> [YOUR INSTRUCTIONS] Set down, exactly, every line from the top of the listing through the one holding "in M. norm (A".
—————
lemma bounded_linear_integral_inner:
  fixes A :: "'a \<Rightarrow> 'b::real_normed_vector \<Rightarrow> 'c::{real_inner,second_countable_topology}"
  assumes lin: "\<And>x. bounded_linear (A x)"
    and meas: "\<And>\<eta>. (\<lambda>x. A x \<eta>) \<in> borel_measurable M"
    and K: "sq_int M K"
    and bound: "\<And>\<eta>. AE x in M. norm (A x \<eta>) \<le> K x * norm \<eta>"
    and f: "sq_int M f"
  shows "bounded_linear (\<lambda>\<eta>. \<integral>x. f x \<bullet> A x \<eta> \<partial>M)"
proof (rule bounded_linear_intro[where K = "\<integral>x. norm (f x) * \<bar>K x\<bar> \<partial>M"])
  have integrable: "integrable M (\<lambda>x. f x \<bullet> A x \<eta>)" for \<eta>
    using meas K bound f by (rule integrable_inner_dominated)
  then show "(\<integral>x. f x \<bullet> A x (a + b) \<partial>M) = (\<integral>x. f x \<bullet> A x a \<partial>M) + (\<integral>x. f x \<bullet> A x b \<partial>M)" for a b
    by (simp add: linear_add[OF bounded_linear.linear[OF lin]] inner_add_right)
  show "(\<integral>x. f x \<bullet> A x (r *\<^sub>R a) \<partial>M) = r *\<^sub>R (\<integral>x. f x \<bullet> A x a \<partial>M)" for r a
    by (simp add: linear_scale[OF bounded_linear.linear[OF lin]])
  have "sq_int M (\<lambda>x. norm (f x))" "sq_int M (\<lambda>x. \<bar>K x\<bar>)"
    using f K by (auto simp: sq_int_def)
  from integrable_inner_sq_int[OF this]
  have fK: "integrable M (\<lambda>x. norm (f x) * \<bar>K x\<bar>)"
    by simp
  fix \<eta>
  have "norm (\<integral>x. f x \<bullet> A x \<eta> \<partial>M) \<le> (\<integral>x. norm (f x \<bullet> A x \<eta>) \<partial>M)"
    by (rule integral_norm_bound)
  also have "\<dots> \<le> (\<integral>x. norm (f x) * \<bar>K x\<bar> * norm \<eta> \<partial>M)"
  proof (rule integral_mono_AE)
    show "AE x in M. norm (f x \<bullet> A x \<eta>) \<le> norm (f x) * \<bar>K x\<bar> * norm \<eta>"
      using bound[of \<eta>]
    proof eventually_elim
      case (elim x)
      have "norm (f x \<bullet> A x \<eta>) \<le> norm (f x) * norm (A x \<eta>)"
        by (simp add: Cauchy_Schwarz_ineq2)
      also have "\<dots> \<le> norm (f x) * (\<bar>K x\<bar> * norm \<eta>)"
      proof (rule mult_left_mono)
        show "norm (A x \<eta>) \<le> \<bar>K x\<bar> * norm \<eta>"
          using elim mult_right_mono[OF abs_ge_self[of "K x"] norm_ge_zero[of \<eta>]] by linarith
      qed simp
      finally show ?case by (simp add: mult.assoc)
    qed
  qed (use integrable fK in auto)
  finally show "norm (\<integral>x. f x \<bullet> A x \<eta> \<partial>M) \<le> norm \<eta> * (\<integral>x. norm (f x) * \<bar>K x\<bar> \<partial>M)"
    by (simp add: mult.commute)
qed
lemma min_excess_canon_minus_le:
  "2 * int (min_excess W mm (\<lambda>x. canon_div W mm x - D x)) + 2 * deg W D
     \<le> 2 * int (min_excess W mm D) + deg W (canon_div W mm)"
proof -
  obtain D' and \<pi> :: "'v \<Rightarrow> int" where D': "lin_equiv W mm D D'" and \<pi>: "inj_on \<pi> W"
    and excess: "deg_pos W (\<lambda>x. D' x - orient_div W mm \<pi> x) = int (min_excess W mm D)"
    using min_excess_attained by blast
  have "lin_equiv W mm (\<lambda>x. canon_div W mm x - D x) (\<lambda>x. canon_div W mm x - D' x)"
    using lin_equiv_diff_left[OF lin_equiv_sym[OF D']] .
  moreover have "inj_on (\<lambda>x. - \<pi> x) W"
    using \<pi> by (auto simp: inj_on_def)
  ultimately have "int (min_excess W mm (\<lambda>x. canon_div W mm x - D x))
      \<le> deg_pos W (\<lambda>x. (canon_div W mm x - D' x) - orient_div W mm (\<lambda>x. - \<pi> x) x)"
    by (rule min_excess_le)
  also have "\<dots> = deg_pos W (\<lambda>x. - (D' x - orient_div W mm \<pi> x))"
    using canon_div_minus_orient_div[OF \<pi>] by (simp add: algebra_simps flip: canon_div_minus_orient_div[OF \<pi>])
  also have "\<dots> = int (min_excess W mm D) - (deg W D - deg W (orient_div W mm \<pi>))"
    using deg_pos_uminus[of W "\<lambda>x. D' x - orient_div W mm \<pi> x"] excess lin_equiv_deg[OF D']
      deg_diff[of D' "orient_div W mm \<pi>"] by simp
  finally show ?thesis
    using deg_orient_div[OF \<pi>] by linarith
qed

theorem riemann_roch:
  assumes "is_div W D"
  shows "2 * (rank W mm D - rank W mm (\<lambda>x. canon_div W mm x - D x)) = 2 * deg W D - deg W (canon_div W mm)"
proof -
  have "is_div W (\<lambda>x. canon_div W mm x - D x)"
    using assms is_div_canon_div by (simp add: is_div_def)
  moreover have "2 * int (min_excess W mm D) + 2 * deg W (\<lambda>x. canon_div W mm x - D x)
      \<le> 2 * int (min_excess W mm (\<lambda>x. canon_div W mm x - D x)) + deg W (canon_div W mm)"
    using min_excess_canon_minus_le[of "\<lambda>x. canon_div W mm x - D x"] by simp
  ultimately show ?thesis
    using min_excess_canon_minus_le[of D] rank_eq_min_excess assms by (simp add: deg_diff)
qed

end

lemma hat_V_eq: "hat_V V M = Inl ` V \<union> Inr ` (SIGMA v:V. {..<M v v})"
  by (auto simp: hat_V_def)

lemma finite_hat_V: "finite V \<Longrightarrow> finite (hat_V V M)"
  by (simp add: hat_V_eq)

lemma sum_hat_V:
  fixes f :: "'v + 'v \<times> nat \<Rightarrow> 'c::comm_monoid_add"
  assumes "finite V"
  shows "(\<Sum>x\<in>hat_V V M. f x) = (\<Sum>v\<in>V. f (Inl v)) + (\<Sum>v\<in>V. \<Sum>i<M v v. f (Inr (v, i)))"
proof -
  have "(\<Sum>x\<in>hat_V V M. f x) = (\<Sum>x\<in>Inl ` V. f x) + (\<Sum>x\<in>Inr ` (SIGMA v:V. {..<M v v}). f x)"
    unfolding hat_V_eq by (rule sum.union_disjoint) (use assms in auto)
  also have "(\<Sum>x\<in>Inl ` V. f x) = (\<Sum>v\<in>V. f (Inl v))"
    by (rule sum.reindex_cong[where l = Inl]) (auto simp: inj_on_def)
  also have "(\<Sum>x\<in>Inr ` (SIGMA v:V. {..<M v v}). f x) = (\<Sum>p\<in>(SIGMA v:V. {..<M v v}). f (Inr p))"
    by (rule sum.reindex_cong[where l = Inr]) (auto simp: inj_on_def)
  also have "\<dots> = (\<Sum>v\<in>V. \<Sum>i<M v v. f (Inr (v, i)))"
    using sum.Sigma[OF assms, of "\<lambda>v. {..<M v v}" "\<lambda>v i. f (Inr (v, i))"] by (simp add: split_def)
  finally show ?thesis .
qed

lemma hat_m_simps [simp]:
  "hat_m M (Inl v) (Inl w) = (if v = w then 0 else M v w)"
  "hat_m M (Inl v) (Inr (w, i)) = (if v = w \<and> i < M v v then 2 else 0)"
  "hat_m M (Inr (w, i)) (Inl v) = (if v = w \<and> i < M v v then 2 else 0)"
  "hat_m M (Inr p) (Inr p') = 0"
  by (simp_all add: hat_m_def split: prod.splits)

lemma hat_m_diag: "hat_m M x x = 0"
  by (cases x) auto

lemma ext_div_simps [simp]: "ext_div D (Inl v) = D v" "ext_div D (Inr p) = 0"
  by (simp_all add: ext_div_def)

lemma deg_ext_div: "finite V \<Longrightarrow> deg (hat_V V M) (ext_div D) = deg V D"
  unfolding deg_def by (simp add: sum_hat_V)

lemma is_div_ext_div: "is_div V D \<Longrightarrow> is_div (hat_V V M) (ext_div D)"
  unfolding is_div_def ext_div_def by (auto simp: hat_V_def split: sum.splits)

lemma multigraph_hat:
  assumes "multigraph V M"
  shows "multigraph (hat_V V M) (hat_m M)"
proof -
  have fin: "finite V" and ne: "V \<noteq> {}" and sym: "\<And>v w. M v w = M w v"
    and supp: "\<And>v w. 0 < M v w \<Longrightarrow> v \<in> V \<and> w \<in> V"
    and conn: "\<And>v w. v \<in> V \<Longrightarrow> w \<in> V \<Longrightarrow> (v, w) \<in> {(x, y). 0 < M x y}\<^sup>*"
    using assms unfolding multigraph_def by blast+
  let ?R = "{(x, y). 0 < hat_m M x y}"
  have sym_hat: "hat_m M x y = hat_m M y x" for x y
    using sym by (cases x; cases y) (auto split: prod.splits)
  have supp_hat: "x \<in> hat_V V M \<and> y \<in> hat_V V M" if "0 < hat_m M x y" for x y
  proof -
    have "v \<in> V" if "i < M v v" for v i
      using supp[of v v] that by simp
    then show ?thesis
      using that supp by (cases x; cases y) (auto simp: hat_V_def split: if_splits)
  qed
  have conn_Inl: "(Inl v, Inl w) \<in> ?R\<^sup>*" if "(v, w) \<in> {(x, y). 0 < M x y}\<^sup>*" for v w
    using that
  proof (induction rule: rtrancl_induct)
    case (step y z)
    then show ?case
      by (cases "y = z") (auto intro: rtrancl_into_rtrancl)
  qed simp
  have to_Inl: "\<exists>v\<in>V. (x, Inl v) \<in> ?R\<^sup>* \<and> (Inl v, x) \<in> ?R\<^sup>*" if "x \<in> hat_V V M" for x
    using that by (auto simp: hat_V_def intro!: r_into_rtrancl)
  have "(x, y) \<in> ?R\<^sup>*" if "x \<in> hat_V V M" "y \<in> hat_V V M" for x y
    using to_Inl[OF that(1)] to_Inl[OF that(2)] conn conn_Inl by (meson rtrancl_trans)
  moreover have "hat_V V M \<noteq> {}"
    using ne by (auto simp: hat_V_def)
  ultimately show ?thesis
    unfolding multigraph_def using finite_hat_V[OF fin] sym_hat supp_hat by blast
qed
(* For any digraph $G$, $\mathrm{sstat}_{\mathtt{vsc}}(G)\ge 1+\mathrm{cr}(G)$.
   Context: All digraphs are finite, simple, without self-loops and have at least one vertex (induced subgraphs appearing as game data may be empty). For a finite set $V$, $V^*$ is the set of finite words over $V$, $\epsilon$ the empty word; $X \preceq Y$ means $X$ is a prefix of $Y$; for $X=a_1\cdots a_n$, $|X|=n$ and $\mathrm{let}(X)=\{a_1,\dots,a_n\}$. $A\Delta B$ is symmetric difference. For $X\subseteq V(G)$, $G\setminus X$ is the subgraph induced by $V(G)\setminus X$. Induced subgraphs are identified with their vertex sets. Cycle-rank $\mathrm{cr}(G)$: $0$ if $G$ is acyclic; $1+\min_{v\in V(G)}\mathrm{cr}(G\setminus\{v\})$ if $G$ is strongly connected (and not acyclic); otherwise the maximum of $\mathrm{cr}(H)$ over strongly connected components $H$ of $G$. A position is a pair $(X,R)$ with $X\in V(G)^*$ and $R$ a (possibly empty) induced subgraph of $G\setminus\mathrm{let}(X)$; it is a $\mathtt{vsc}$-position if $R$ is a strongly connected component of $G\setminus\mathrm{let}(X)$. A $\mathtt{vsc}$-position $(X',R')$ is a $\mathtt{vsc}$-successor of $(X,R)$ if ($X\preceq X'$ or $X'\preceq X$), $|\mathrm{let}(X)\Delta\mathrm{let}(X')|=1$, and every $v'\in R'$ lies in the same strongly connected component of $G\setminus(\mathrm{let}(X)\cap\mathrm{let}(X'))$ as some $v\in R$. If $(\epsilon,G)$ is not a $\mathtt{vsc}$-position it is nevertheless admitted as a special position whose $\mathtt{vsc}$-successors are exactly the $\mathtt{vsc}$-positions $(\epsilon,R)$. A $\mathtt{vsc}$-search from $(X_0,R_0)$ is a finite or infinite sequence of such positions with each $(X_{i+1},R_{i+1})$ a $\mathtt{vsc}$-successor of $(X_i,R_i)$; it is complete if it is infinite or $R_n=\emptyset$ for some $n$, and a complete search is winning for the searchers if $R_n=\emptyset$ for some $n$. A complete search from $(\epsilon,G)$ is searcher-stationary if $X_i\preceq X_{i+1}$ for all $i$ with $R_i\neq\emptyset$, and uses at most $k$ searchers if $|X_i|\le k$ for all $i$. A $\mathtt{vsc}$-strategy is a function $\sigma$ from $\mathtt{vsc}$-positions to $V(G)^*$ such that $\sigma(X,R)$ is the first component of some $\mathtt{vsc}$-successor of $(X,R)$; a search is consistent with $\sigma$ if $X_{i+1}=\sigma(X_i,R_i)$ for all $i$. $\sigma$ is winning if every complete consistent search from $(\epsilon,G)$ is winning for the searchers; it is searcher-stationary / uses at most $k$ searchers if every complete consistent search from $(\epsilon,G)$ has that property. $\mathrm{sstat}_{\mathtt{vsc}}(G)$ is the minimum $k$ such that there is a searcher-stationary winning $\mathtt{vsc}$-strategy using at most $k$ searchers. *)

theory Defs
  imports Main "HOL-Library.Sublist" "HOL-Library.Extended_Nat"
begin

text \<open>A digraph is given by a finite nonempty vertex set V and an irreflexive
edge relation E on V. Induced subgraphs are identified with vertex sets H.\<close>

definition digraph :: "'a set \<Rightarrow> ('a \<times> 'a) set \<Rightarrow> bool" where
  "digraph V E \<longleftrightarrow> finite V \<and> V \<noteq> {} \<and> E \<subseteq> V \<times> V \<and> (\<forall>v. (v, v) \<notin> E)"

definition reach :: "('a \<times> 'a) set \<Rightarrow> 'a set \<Rightarrow> 'a \<Rightarrow> 'a \<Rightarrow> bool" where
  "reach E H u v \<longleftrightarrow> (u, v) \<in> (E \<inter> (H \<times> H))\<^sup>*"

definition same_scc :: "('a \<times> 'a) set \<Rightarrow> 'a set \<Rightarrow> 'a \<Rightarrow> 'a \<Rightarrow> bool" where
  "same_scc E H u v \<longleftrightarrow> u \<in> H \<and> v \<in> H \<and> reach E H u v \<and> reach E H v u"

definition sccs :: "('a \<times> 'a) set \<Rightarrow> 'a set \<Rightarrow> 'a set set" where
  "sccs E H = {S. \<exists>u\<in>H. S = {v. same_scc E H u v}}"

definition strongly_connected :: "('a \<times> 'a) set \<Rightarrow> 'a set \<Rightarrow> bool" where
  "strongly_connected E H \<longleftrightarrow> H \<noteq> {} \<and> (\<forall>u\<in>H. \<forall>v\<in>H. reach E H u v)"

definition acyclic_sub :: "('a \<times> 'a) set \<Rightarrow> 'a set \<Rightarrow> bool" where
  "acyclic_sub E H \<longleftrightarrow> (\<forall>u\<in>H. (u, u) \<notin> (E \<inter> (H \<times> H))\<^sup>+)"

lemma scc_proper_subset:
  assumes "S \<in> sccs E H" "\<not> strongly_connected E H"
  shows "S \<subset> H"
proof -
  from assms(1) obtain u where u: "u \<in> H" "S = {v. same_scc E H u v}"
    unfolding sccs_def by blast
  have sub: "S \<subseteq> H" using u unfolding same_scc_def by auto
  show ?thesis
  proof (rule ccontr)
    assume "\<not> S \<subset> H"
    then have "S = H" using sub by blast
    then have "\<forall>v\<in>H. reach E H u v \<and> reach E H v u" using u unfolding same_scc_def by auto
    then have "\<forall>x\<in>H. \<forall>y\<in>H. reach E H x y"
      unfolding reach_def by (meson rtrancl_trans)
    then show False using assms(2) u(1) unfolding strongly_connected_def by blast
  qed
qed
—————
> [REPLY TO THE EXERCISE]
lemma bounded_linear_integral_inner:
  fixes A :: "'a \<Rightarrow> 'b::real_normed_vector \<Rightarrow> 'c::{real_inner,second_countable_topology}"
  assumes lin: "\<And>x. bounded_linear (A x)"
    and meas: "\<And>\<eta>. (\<lambda>x. A x \<eta>) \<in> borel_measurable M"
    and K: "sq_int M K"
    and bound: "\<And>\<eta>. AE x in M. norm (A x \<eta>) \<le> K x * norm \<eta>"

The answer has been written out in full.